Сопровождающий сделал шаг в направлении выхода.
Приостановился:
– Я прощаюсь. Отдохните. Завтра – работа. За вами зайдут в девять утра… А сегодня вы ужинать не хотите? Повар должен знать ваши слабые места, это я так шучу…
Он был уже у выхода и крикнул:
– Холодильник набит соками и вином!
Машина с брезентовыми бортами зашумела, уехала.
Что ж, приняли отлично. Почему бы и нет? На комбинате синтезируется высочайшего класса белок, поступающий затем в пищу и дающий всем нам жизнь. Потому и технология держится в секрете. Ведомственные барьеры и здоровая конкуренция.
Проблема проблем – протеин! Синтезируется говядина или, скажем, свинина по образцам прошлых веков. (Уже почти сто лет, как ни птица, ни рыба и ничто живое не идет в пищу, гуманизм!) Известно, что в дело идут только травы. А остальное, уж извините, секрет. Комбинатов немало, и они, видно, хитро разбросаны здесь по степям – всюду трава и трава, огромные огороженные степные территории. И как же не принять хорошо человека, который внедрит в их законсервированный мир такую штуку, как АТм-241?!
Мысли его набегали легко, даже чуть восторженно. Глаза тем временем осматривали жилье, привыкая к стенам, к гравюрам, развешанным со старомодной навязчивостью на стенных пустотах. Однообразная белизна дня. Что-то в нем вновь напряглось, словно бы готовность к опасности, ожидание. Поймав себя на повторении, он отметил: а-а, память о молодом человеке былых веков, которому, как молодому волку, приходилось хорошо побегать, чтобы существовать. Он улыбнулся, удивляясь цепкости генетической памяти. Нет-нет и прадедовское прошлое вдруг оживает. Движешься в пространстве, а словно бы во времени. Вот ведь!
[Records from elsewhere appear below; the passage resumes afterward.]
(* Let $n\ge0$ be an integer, $\omega\in\mathbb{R}$ and $\theta_0\in\mathbb{T}$, and write $\theta_j=\theta_0+j\omega$. Suppose that for each $0\le k\le n$ we are given $\Sigma_k\subset\mathbb{T}$ such that $(\Sigma_k,\theta_0)$ is an $(r_k,l_k,a_k)$-system. Then for every integer $t>0$, $$\frac{|\{0\le j<t:\theta_j\in\bigcup_{k=0}^n\Sigma_k\}|}{t}\le\sum_{k=0}^n\Big(\frac{l_k}{t}+\frac{l_k}{r_k+l_k}\Big)$$ and $$\frac{|\{0\le j<t:\theta_j\in\bigcup_{k=0}^n\Sigma_k\}|}{t}\le\sum_{k=0}^n\frac{l_k}{m_k+l_k},\qquad m_k=\min\{a_k,r_k\}.$$
   Context: Fix $\Sigma\subset\mathbb{T}$ and the orbit $\theta_j=\theta_0+j\omega$, $j\in\mathbb{Z}$. The set $\Sigma$ has minimal return time $r>0$ if whenever an orbit leaves $\Sigma$ it does not return for at least $r$ iterates, i.e. every maximal block of consecutive iterates outside $\Sigma$ lying between two visits to $\Sigma$ has length at least $r$. It has maximal confinement time $l>0$ if every block of consecutive iterates $\theta_i,\theta_{i+1},\dots$ all lying in $\Sigma$ has length at most $l$. The point $\theta_0$ has accumulation time $a\ge0$ with respect to $\Sigma$ if $\theta_i\notin\Sigma$ for all $0\le i<a$. If these hold, $(\Sigma,\theta_0)$ is called an $(r,l,a)$-system. *)

theory Defs
  imports Complex_Main
begin

text \<open>The circle T = R/Z is represented by its fundamental domain [0,1);
  subsets of T are real sets contained in [0,1), and the point theta_0 + j*omega
  of T is represented by frac(theta_0 + j*omega).\<close>

definition orbit :: "real \<Rightarrow> real \<Rightarrow> int \<Rightarrow> real" where
  "orbit \<theta>0 \<omega> j = frac (\<theta>0 + of_int j * \<omega>)"

definition min_return_time :: "real set \<Rightarrow> real \<Rightarrow> real \<Rightarrow> nat \<Rightarrow> bool" where
  "min_return_time \<Sigma> \<theta>0 \<omega> r \<longleftrightarrow> 0 < r \<and>
     (\<forall>i k. i + 1 < k \<and> orbit \<theta>0 \<omega> i \<in> \<Sigma> \<and> orbit \<theta>0 \<omega> k \<in> \<Sigma> \<and>
        (\<forall>m. i < m \<and> m < k \<longrightarrow> orbit \<theta>0 \<omega> m \<notin> \<Sigma>)
        \<longrightarrow> int r \<le> k - i - 1)"

definition max_confinement_time :: "real set \<Rightarrow> real \<Rightarrow> real \<Rightarrow> nat \<Rightarrow> bool" where
  "max_confinement_time \<Sigma> \<theta>0 \<omega> l \<longleftrightarrow> 0 < l \<and>
     (\<forall>i (L::nat). (\<forall>m<L. orbit \<theta>0 \<omega> (i + int m) \<in> \<Sigma>) \<longrightarrow> L \<le> l)"

definition accumulation_time :: "real set \<Rightarrow> real \<Rightarrow> real \<Rightarrow> nat \<Rightarrow> bool" where
  "accumulation_time \<Sigma> \<theta>0 \<omega> a \<longleftrightarrow> (\<forall>i::nat. i < a \<longrightarrow> orbit \<theta>0 \<omega> (int i) \<notin> \<Sigma>)"

definition rla_system :: "real set \<Rightarrow> real \<Rightarrow> real \<Rightarrow> nat \<Rightarrow> nat \<Rightarrow> nat \<Rightarrow> bool" where
  "rla_system \<Sigma> \<theta>0 \<omega> r l a \<longleftrightarrow>
     min_return_time \<Sigma> \<theta>0 \<omega> r \<and> max_confinement_time \<Sigma> \<theta>0 \<omega> l \<and>
     accumulation_time \<Sigma> \<theta>0 \<omega> a"

end

theory Submission
  imports Defs
begin

(* Let V be the set of times j \<ge> 0 with theta_j \<in> \<Sigma>. It consists of runs of length at most l
  separated by gaps of length at least r, so every window of l + r consecutive times contains at
  most l visits. Cutting [0, t) into such windows plus one incomplete window gives the first
  bound; the second one uses windows of length l + m instead and places the incomplete window
  at the start, where the accumulation time makes its first m times empty. Finally the count for
  a union is at most the sum of the counts. *)

locale return_pattern =
  fixes V :: "nat set" and r l :: nat
  assumes run_le: "\<And>i L. (\<forall>m<L. i + m \<in> V) \<Longrightarrow> L \<le> l"
    and gap_ge: "\<And>i k. i + 1 < k \<Longrightarrow> i \<in> V \<Longrightarrow> k \<in> V \<Longrightarrow> (\<forall>m. i < m \<and> m < k \<longrightarrow> m \<notin> V)
                   \<Longrightarrow> r \<le> k - i - 1"
begin

lemma run_exit:
  assumes "x \<in> V"
  obtains d where "0 < d" "d \<le> l" "\<forall>m<d. x + m \<in> V" "x + d \<notin> V"
proof -
  have "\<exists>d. x + d \<notin> V"
  proof (rule ccontr)
    assume "\<not> (\<exists>d. x + d \<notin> V)"
    then have "\<forall>m<Suc l. x + m \<in> V" by auto
    then have "Suc l \<le> l" by (rule run_le)
    then show False by simp
  qed
  define d where "d = (LEAST d. x + d \<notin> V)"
  have exit: "x + d \<notin> V" unfolding d_def by (rule LeastI_ex) fact
  have run: "\<forall>m<d. x + m \<in> V" using not_less_Least d_def by blast
  show thesis
  proof
    show "0 < d" using exit assms by (cases d) auto
    show "d \<le> l" using run_le run by blast
  qed (use run exit in auto)
qed

lemma return_after_exit:
  assumes "i \<in> V" "Suc i \<notin> V" "w \<in> V" "i < w"
  shows "i + 1 + r \<le> w"
proof -
  define z where "z = (LEAST z. z \<in> V \<and> i < z)"
  have z: "z \<in> V" "i < z" using LeastI[of "\<lambda>z. z \<in> V \<and> i < z" w] assms by (auto simp: z_def)
  have "z \<le> w" using Least_le[of "\<lambda>z. z \<in> V \<and> i < z" w] assms by (simp add: z_def)
  moreover have "r \<le> z - i - 1"
  proof (rule gap_ge)
    show "i + 1 < z" using z assms(2) by (cases "z = Suc i") auto
    show "\<forall>m. i < m \<and> m < z \<longrightarrow> m \<notin> V" using not_less_Least z_def by blast
  qed (use assms z in auto)
  ultimately show ?thesis using z by linarith
qed

lemma card_window_le:
  assumes "g \<le> r"
  shows "card (V \<inter> {s..<s + (l + g)}) \<le> l"
proof (cases "V \<inter> {s..<s + (l + g)} = {}")
  case False
  define W where "W = V \<inter> {s..<s + (l + g)}"
  define x where "x = Min W"
  have "finite W" "W \<noteq> {}" using False by (simp_all add: W_def)
  then have x: "x \<in> W" and x_min: "\<And>w. w \<in> W \<Longrightarrow> x \<le> w"
    by (simp_all add: x_def)
  then obtain d where d: "0 < d" "d \<le> l" "\<forall>m<d. x + m \<in> V" "x + d \<notin> V"
    using run_exit W_def by blast
  have "W \<subseteq> {x..<x + d} \<union> {x + d + g..<s + (l + g)}"
  proof
    fix w assume w: "w \<in> W"
    show "w \<in> {x..<x + d} \<union> {x + d + g..<s + (l + g)}"
    proof (cases "w < x + d")
      case False
      have "x + d - 1 + 1 + r \<le> w"
        by (rule return_after_exit) (use d d(3)[rule_format, of "d - 1"] w False W_def in auto)
      then show ?thesis using w assms d(1) by (auto simp: W_def)
    qed (use x_min w in auto)
  qed
  then have "card W \<le> card ({x..<x + d} \<union> {x + d + g..<s + (l + g)})"
    by (intro card_mono) auto
  also have "\<dots> \<le> d + (s + (l + g) - (x + d + g))"
    by (rule order_trans[OF card_Un_le]) simp
  also have "\<dots> \<le> l" using x d(2) unfolding W_def by auto
  finally show ?thesis by (simp add: W_def)
qed simp

lemma card_windows_le:
  assumes "g \<le> r"
  shows "card (V \<inter> {s..<s + q * (l + g)}) \<le> q * l"
proof (induction q)
  case (Suc q)
  let ?s = "s + q * (l + g)"
  have "V \<inter> {s..<s + Suc q * (l + g)} = V \<inter> {s..<?s} \<union> V \<inter> {?s..<?s + (l + g)}"
    by auto
  then have "card (V \<inter> {s..<s + Suc q * (l + g)})
      \<le> card (V \<inter> {s..<?s}) + card (V \<inter> {?s..<?s + (l + g)})"
    by (simp add: card_Un_le)
  also have "\<dots> \<le> q * l + l" using Suc card_window_le[OF assms, of ?s] by linarith
  finally show ?case by simp
qed simp

lemma card_visits_le:
  assumes "0 < l"
  shows "(l + r) * card (V \<inter> {0..<t}) \<le> l * t + l * (l + r)"
proof -
  define q where "q = Suc (t div (l + r))"
  have "t < q * (l + r)"
    using assms dividend_less_div_times[of "l + r" t] by (simp add: q_def)
  then have "card (V \<inter> {0..<t}) \<le> card (V \<inter> {0..<0 + q * (l + r)})"
    by (intro card_mono) auto
  also have "\<dots> \<le> q * l" by (rule card_windows_le) simp
  finally have "(l + r) * card (V \<inter> {0..<t}) \<le> (l + r) * (q * l)" by simp
  also have "\<dots> = l * ((l + r) * (t div (l + r))) + l * (l + r)" by (simp add: q_def algebra_simps)
  also have "\<dots> \<le> l * t + l * (l + r)" by (simp add: div_times_less_eq_dividend)
  finally show ?thesis .
qed

lemma card_visits_le_delayed:
  assumes "0 < l" "m \<le> r" and delay: "\<And>j. j < m \<Longrightarrow> j \<notin> V"
  shows "(l + m) * card (V \<inter> {0..<t}) \<le> l * t"
proof -
  define q where "q = t div (l + m)"
  define e where "e = t mod (l + m)"
  have t: "t = e + q * (l + m)" using div_mult_mod_eq[of t "l + m"] by (simp add: q_def e_def)
  have "e < l + m" using assms(1) by (simp add: e_def)
  have head: "(l + m) * card (V \<inter> {0..<e}) \<le> l * e"
  proof -
    have "V \<inter> {0..<e} \<subseteq> {m..<e}" using delay by (metis IntE atLeastLessThan_iff leI subsetI)
    then have "card (V \<inter> {0..<e}) \<le> e - m" using card_mono[of "{m..<e}"] by fastforce
    then have "(l + m) * card (V \<inter> {0..<e}) \<le> (l + m) * (e - m)" by simp
    also have "\<dots> \<le> l * e"
    proof (cases "m \<le> e")
      case True
      have "(l + m) * (e - m) = l * (e - m) + m * (e - m)" by (simp add: add_mult_distrib)
      also have "\<dots> \<le> l * (e - m) + m * l" 
      proof -
        have "e - m \<le> l" using \<open>e < l + m\<close> by linarith
        then show ?thesis by simp
      qed
      also have "\<dots> = l * e" using True by (simp add: diff_mult_distrib2)
      finally show ?thesis .
    qed simp
    finally show ?thesis .
  qed
  have "V \<inter> {0..<t} = V \<inter> {0..<e} \<union> V \<inter> {e..<e + q * (l + m)}" using t by auto
  then have "card (V \<inter> {0..<t}) \<le> card (V \<inter> {0..<e}) + card (V \<inter> {e..<e + q * (l + m)})"
    by (simp add: card_Un_le)
  also have "\<dots> \<le> card (V \<inter> {0..<e}) + q * l" using card_windows_le[OF assms(2)] by simp
  finally have "(l + m) * card (V \<inter> {0..<t}) \<le> (l + m) * (card (V \<inter> {0..<e}) + q * l)"
    by simp
  also have "\<dots> = (l + m) * card (V \<inter> {0..<e}) + l * (q * (l + m))" by (simp add: algebra_simps)
  also have "\<dots> \<le> l * t" using head by (simp add: t algebra_simps)
  finally show ?thesis .
qed

lemma visit_density_le:
  assumes "0 < l" "0 < t"
  shows "real (card (V \<inter> {0..<t})) / real t \<le> real l / real t + real l / (real r + real l)"
proof -
  have "real (l + r) * real (card (V \<inter> {0..<t})) \<le> real l * real t + real l * real (l + r)"
    using card_visits_le[OF assms(1), of t] by (metis of_nat_add of_nat_le_iff of_nat_mult)
  then show ?thesis using assms by (simp add: divide_simps) (simp add: algebra_simps)
qed

lemma visit_density_le_delayed:
  assumes "0 < l" "0 < t" "m \<le> r" "\<And>j. j < m \<Longrightarrow> j \<notin> V"
  shows "real (card (V \<inter> {0..<t})) / real t \<le> real l / (real m + real l)"
proof -
  have "real (l + m) * real (card (V \<inter> {0..<t})) \<le> real l * real t"
    using card_visits_le_delayed[OF assms(1,3,4), of t] by (metis of_nat_le_iff of_nat_mult)
  then show ?thesis using assms by (simp add: divide_simps) (simp add: algebra_simps)
qed

end

definition visits :: "real set \<Rightarrow> real \<Rightarrow> real \<Rightarrow> nat set" where
  "visits \<Sigma> \<theta>0 \<omega> = {j. orbit \<theta>0 \<omega> (int j) \<in> \<Sigma>}"

lemma rla_system_return_pattern:
  assumes "rla_system \<Sigma> \<theta>0 \<omega> r l a"
  shows "return_pattern (visits \<Sigma> \<theta>0 \<omega>) r l"
proof
  have ret: "min_return_time \<Sigma> \<theta>0 \<omega> r" and conf: "max_confinement_time \<Sigma> \<theta>0 \<omega> l"
    using assms by (auto simp: rla_system_def)
  show "L \<le> l" if "\<forall>m<L. i + m \<in> visits \<Sigma> \<theta>0 \<omega>" for i L
    using conf that unfolding max_confinement_time_def visits_def by (metis mem_Collect_eq of_nat_add)
  show "r \<le> k - i - 1"
    if "i + 1 < k" "i \<in> visits \<Sigma> \<theta>0 \<omega>" "k \<in> visits \<Sigma> \<theta>0 \<omega>"
      and gap: "\<forall>m. i < m \<and> m < k \<longrightarrow> m \<notin> visits \<Sigma> \<theta>0 \<omega>" for i k
  proof -
    have "orbit \<theta>0 \<omega> m \<notin> \<Sigma>" if "int i < m" "m < int k" for m
    proof -
      have "i < nat m \<and> nat m < k" using that by linarith
      then have "nat m \<notin> visits \<Sigma> \<theta>0 \<omega>" using gap by blast
      moreover have "int (nat m) = m" using that by simp
      ultimately show ?thesis by (simp add: visits_def)
    qed
    then have "int r \<le> int k - int i - 1"
      using ret \<open>i + 1 < k\<close> \<open>i \<in> _\<close> \<open>k \<in> _\<close> unfolding min_return_time_def visits_def by auto
    then show ?thesis by linarith
  qed
qed

lemma rla_system_confinement_pos: "rla_system \<Sigma> \<theta>0 \<omega> r l a \<Longrightarrow> 0 < l"
  by (simp add: rla_system_def max_confinement_time_def)

lemma rla_system_not_visited_before:
  "rla_system \<Sigma> \<theta>0 \<omega> r l a \<Longrightarrow> j < a \<Longrightarrow> j \<notin> visits \<Sigma> \<theta>0 \<omega>"
  by (simp add: rla_system_def accumulation_time_def visits_def)

lemma card_UN_div_le:
  assumes "finite K" "0 < t"
  shows "real (card (\<Union>k\<in>K. V k \<inter> {0..<t})) / real t \<le> (\<Sum>k\<in>K. real (card (V k \<inter> {0..<t})) / real t)"
proof -
  have "real (card (\<Union>k\<in>K. V k \<inter> {0..<t})) \<le> (\<Sum>k\<in>K. real (card (V k \<inter> {0..<t})))"
    using card_UN_le[OF assms(1), of "\<lambda>k. V k \<inter> {0..<t}"] by (metis of_nat_le_iff of_nat_sum)
  then show ?thesis using assms by (simp add: sum_divide_distrib[symmetric] divide_right_mono)
qed

theorem lemmaB1:
  fixes n :: nat and \<omega> \<theta>0 :: real and \<Sigma> :: "nat \<Rightarrow> real set"
    and r l a :: "nat \<Rightarrow> nat" and t :: nat
  assumes "\<theta>0 \<in> {0..<1}"
    and "\<And>k. k \<le> n \<Longrightarrow> \<Sigma> k \<subseteq> {0..<1}"
    and "\<And>k. k \<le> n \<Longrightarrow> rla_system (\<Sigma> k) \<theta>0 \<omega> (r k) (l k) (a k)"
    and "0 < t"
  shows "real (card {j \<in> {0..<t}. orbit \<theta>0 \<omega> (int j) \<in> (\<Union>k\<in>{0..n}. \<Sigma> k)}) / real t
           \<le> (\<Sum>k=0..n. real (l k) / real t + real (l k) / (real (r k) + real (l k)))
       \<and> real (card {j \<in> {0..<t}. orbit \<theta>0 \<omega> (int j) \<in> (\<Union>k\<in>{0..n}. \<Sigma> k)}) / real t
           \<le> (\<Sum>k=0..n. real (l k) / (real (min (a k) (r k)) + real (l k)))"
proof -
  define V where "V k = visits (\<Sigma> k) \<theta>0 \<omega>" for k
  define density where "density k = real (card (V k \<inter> {0..<t})) / real t" for k
  have visited: "{j \<in> {0..<t}. orbit \<theta>0 \<omega> (int j) \<in> (\<Union>k\<in>{0..n}. \<Sigma> k)}
      = (\<Union>k\<in>{0..n}. V k \<inter> {0..<t})"
    by (auto simp: V_def visits_def)
  have union: "real (card {j \<in> {0..<t}. orbit \<theta>0 \<omega> (int j) \<in> (\<Union>k\<in>{0..n}. \<Sigma> k)}) / real t
      \<le> (\<Sum>k=0..n. density k)"
    unfolding visited density_def by (rule card_UN_div_le) (simp_all add: \<open>0 < t\<close>)
  have "density k \<le> real (l k) / real t + real (l k) / (real (r k) + real (l k))
      \<and> density k \<le> real (l k) / (real (min (a k) (r k)) + real (l k))" if "k \<le> n" for k
  proof -
    note sys = assms(3)[OF that]
    interpret return_pattern "V k" "r k" "l k"
      unfolding V_def by (rule rla_system_return_pattern[OF sys])
    show ?thesis
      using visit_density_le visit_density_le_delayed[where m = "min (a k) (r k)"]
        rla_system_confinement_pos[OF sys] rla_system_not_visited_before[OF sys] \<open>0 < t\<close>
      by (auto simp: density_def V_def)
  qed
  then show ?thesis
    using union sum_mono[of "{0..n}" density] by (meson atLeastAtMost_iff order_trans)
qed

end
Перед сном он вышел подышать степью, побродить, прогуливаясь вкруговую возле своего домика.
* * *
Они шли вдвоем в направлении цехов.
– …нам ваша интегральщина не нужна. А ведь народные денежки вы распыляете, и еще как распыляете! И к тому же от всех этих ваших внедрений конечно же утекает прежняя информация. Вы приехали – и вы уехали, верно? А вот раньше было не так. Если что-то для нас внедрил – здесь и оставайся. Навсегда. А как иначе: любишь науку – вложи в нее свою жизнь, тогда мы тебе и твоей науке поверим. Помогли?! Какая там помощь! Справлялись мы и до вас, справляться будем и после вас, верно?
Молодой командированный понимал, что ворчание старика инженера обычно (и даже типично, старые верные кадры должны ворчать), однако же заметил:
– Но ведь я работал, я несколько лет обдумывал проблему. Зачем вы так небрежны к моей работе?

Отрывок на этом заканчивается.